— Requirement —
Exactly the lines from the one containing "theory Defs" to the last line of the records, inclusive, are to be transcribed; include no others.

(Items from a data source)
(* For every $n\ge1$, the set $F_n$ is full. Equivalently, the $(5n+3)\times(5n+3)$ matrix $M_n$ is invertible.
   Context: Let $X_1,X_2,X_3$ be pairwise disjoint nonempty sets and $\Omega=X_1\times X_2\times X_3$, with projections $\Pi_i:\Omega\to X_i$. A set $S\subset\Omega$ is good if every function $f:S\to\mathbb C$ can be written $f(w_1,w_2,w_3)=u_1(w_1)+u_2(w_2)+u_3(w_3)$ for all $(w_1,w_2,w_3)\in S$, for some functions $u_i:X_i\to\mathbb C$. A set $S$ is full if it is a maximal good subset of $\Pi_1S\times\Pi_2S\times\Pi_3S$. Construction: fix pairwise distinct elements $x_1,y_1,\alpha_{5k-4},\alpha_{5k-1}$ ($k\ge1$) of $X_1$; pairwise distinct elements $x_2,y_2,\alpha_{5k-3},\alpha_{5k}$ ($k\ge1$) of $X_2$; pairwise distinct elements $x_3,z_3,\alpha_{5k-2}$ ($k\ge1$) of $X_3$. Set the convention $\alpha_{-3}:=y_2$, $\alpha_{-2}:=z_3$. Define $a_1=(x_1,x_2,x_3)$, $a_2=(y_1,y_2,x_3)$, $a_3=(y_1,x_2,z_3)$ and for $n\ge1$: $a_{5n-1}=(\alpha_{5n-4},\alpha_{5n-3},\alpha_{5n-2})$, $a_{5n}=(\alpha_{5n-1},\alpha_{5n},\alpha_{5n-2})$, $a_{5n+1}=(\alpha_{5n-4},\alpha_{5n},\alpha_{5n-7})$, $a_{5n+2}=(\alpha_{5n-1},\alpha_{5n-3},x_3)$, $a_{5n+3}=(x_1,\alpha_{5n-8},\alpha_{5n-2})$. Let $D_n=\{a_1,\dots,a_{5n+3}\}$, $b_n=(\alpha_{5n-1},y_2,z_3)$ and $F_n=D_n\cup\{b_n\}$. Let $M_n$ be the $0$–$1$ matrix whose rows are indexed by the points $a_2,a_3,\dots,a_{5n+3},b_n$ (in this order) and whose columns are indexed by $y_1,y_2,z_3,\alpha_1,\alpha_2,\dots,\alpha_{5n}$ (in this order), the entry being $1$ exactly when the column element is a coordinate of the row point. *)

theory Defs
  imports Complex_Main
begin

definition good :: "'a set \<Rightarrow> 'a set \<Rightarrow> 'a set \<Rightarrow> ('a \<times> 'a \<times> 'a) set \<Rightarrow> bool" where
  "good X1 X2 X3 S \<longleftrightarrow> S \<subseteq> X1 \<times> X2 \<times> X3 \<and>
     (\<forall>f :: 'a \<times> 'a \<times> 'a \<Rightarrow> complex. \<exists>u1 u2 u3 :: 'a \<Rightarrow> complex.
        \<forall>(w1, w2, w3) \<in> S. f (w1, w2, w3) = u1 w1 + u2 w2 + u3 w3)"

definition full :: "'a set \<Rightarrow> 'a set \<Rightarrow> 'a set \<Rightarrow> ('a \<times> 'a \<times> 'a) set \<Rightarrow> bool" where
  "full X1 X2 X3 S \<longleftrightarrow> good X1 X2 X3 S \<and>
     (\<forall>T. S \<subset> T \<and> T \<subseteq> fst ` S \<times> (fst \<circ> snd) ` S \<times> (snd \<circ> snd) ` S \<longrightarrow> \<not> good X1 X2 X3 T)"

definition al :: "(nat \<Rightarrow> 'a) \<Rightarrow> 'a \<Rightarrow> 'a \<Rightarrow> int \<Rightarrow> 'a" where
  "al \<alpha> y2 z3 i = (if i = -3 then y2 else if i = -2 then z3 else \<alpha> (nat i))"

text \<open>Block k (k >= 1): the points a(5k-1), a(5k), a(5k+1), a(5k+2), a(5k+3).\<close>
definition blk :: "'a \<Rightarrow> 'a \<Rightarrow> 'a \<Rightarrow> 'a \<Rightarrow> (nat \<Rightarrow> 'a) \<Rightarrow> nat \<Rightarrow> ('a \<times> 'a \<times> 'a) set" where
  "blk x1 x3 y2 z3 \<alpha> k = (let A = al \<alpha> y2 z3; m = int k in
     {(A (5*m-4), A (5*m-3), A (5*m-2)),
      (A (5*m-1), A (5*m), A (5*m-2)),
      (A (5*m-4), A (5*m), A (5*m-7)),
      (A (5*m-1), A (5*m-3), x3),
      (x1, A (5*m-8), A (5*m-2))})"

— Output —
theory Defs
  imports Complex_Main
begin

definition good :: "'a set \<Rightarrow> 'a set \<Rightarrow> 'a set \<Rightarrow> ('a \<times> 'a \<times> 'a) set \<Rightarrow> bool" where
  "good X1 X2 X3 S \<longleftrightarrow> S \<subseteq> X1 \<times> X2 \<times> X3 \<and>
     (\<forall>f :: 'a \<times> 'a \<times> 'a \<Rightarrow> complex. \<exists>u1 u2 u3 :: 'a \<Rightarrow> complex.
        \<forall>(w1, w2, w3) \<in> S. f (w1, w2, w3) = u1 w1 + u2 w2 + u3 w3)"

definition full :: "'a set \<Rightarrow> 'a set \<Rightarrow> 'a set \<Rightarrow> ('a \<times> 'a \<times> 'a) set \<Rightarrow> bool" where
  "full X1 X2 X3 S \<longleftrightarrow> good X1 X2 X3 S \<and>
     (\<forall>T. S \<subset> T \<and> T \<subseteq> fst ` S \<times> (fst \<circ> snd) ` S \<times> (snd \<circ> snd) ` S \<longrightarrow> \<not> good X1 X2 X3 T)"

definition al :: "(nat \<Rightarrow> 'a) \<Rightarrow> 'a \<Rightarrow> 'a \<Rightarrow> int \<Rightarrow> 'a" where
  "al \<alpha> y2 z3 i = (if i = -3 then y2 else if i = -2 then z3 else \<alpha> (nat i))"

text \<open>Block k (k >= 1): the points a(5k-1), a(5k), a(5k+1), a(5k+2), a(5k+3).\<close>
definition blk :: "'a \<Rightarrow> 'a \<Rightarrow> 'a \<Rightarrow> 'a \<Rightarrow> (nat \<Rightarrow> 'a) \<Rightarrow> nat \<Rightarrow> ('a \<times> 'a \<times> 'a) set" where
  "blk x1 x3 y2 z3 \<alpha> k = (let A = al \<alpha> y2 z3; m = int k in
     {(A (5*m-4), A (5*m-3), A (5*m-2)),
      (A (5*m-1), A (5*m), A (5*m-2)),
      (A (5*m-4), A (5*m), A (5*m-7)),
      (A (5*m-1), A (5*m-3), x3),
      (x1, A (5*m-8), A (5*m-2))})"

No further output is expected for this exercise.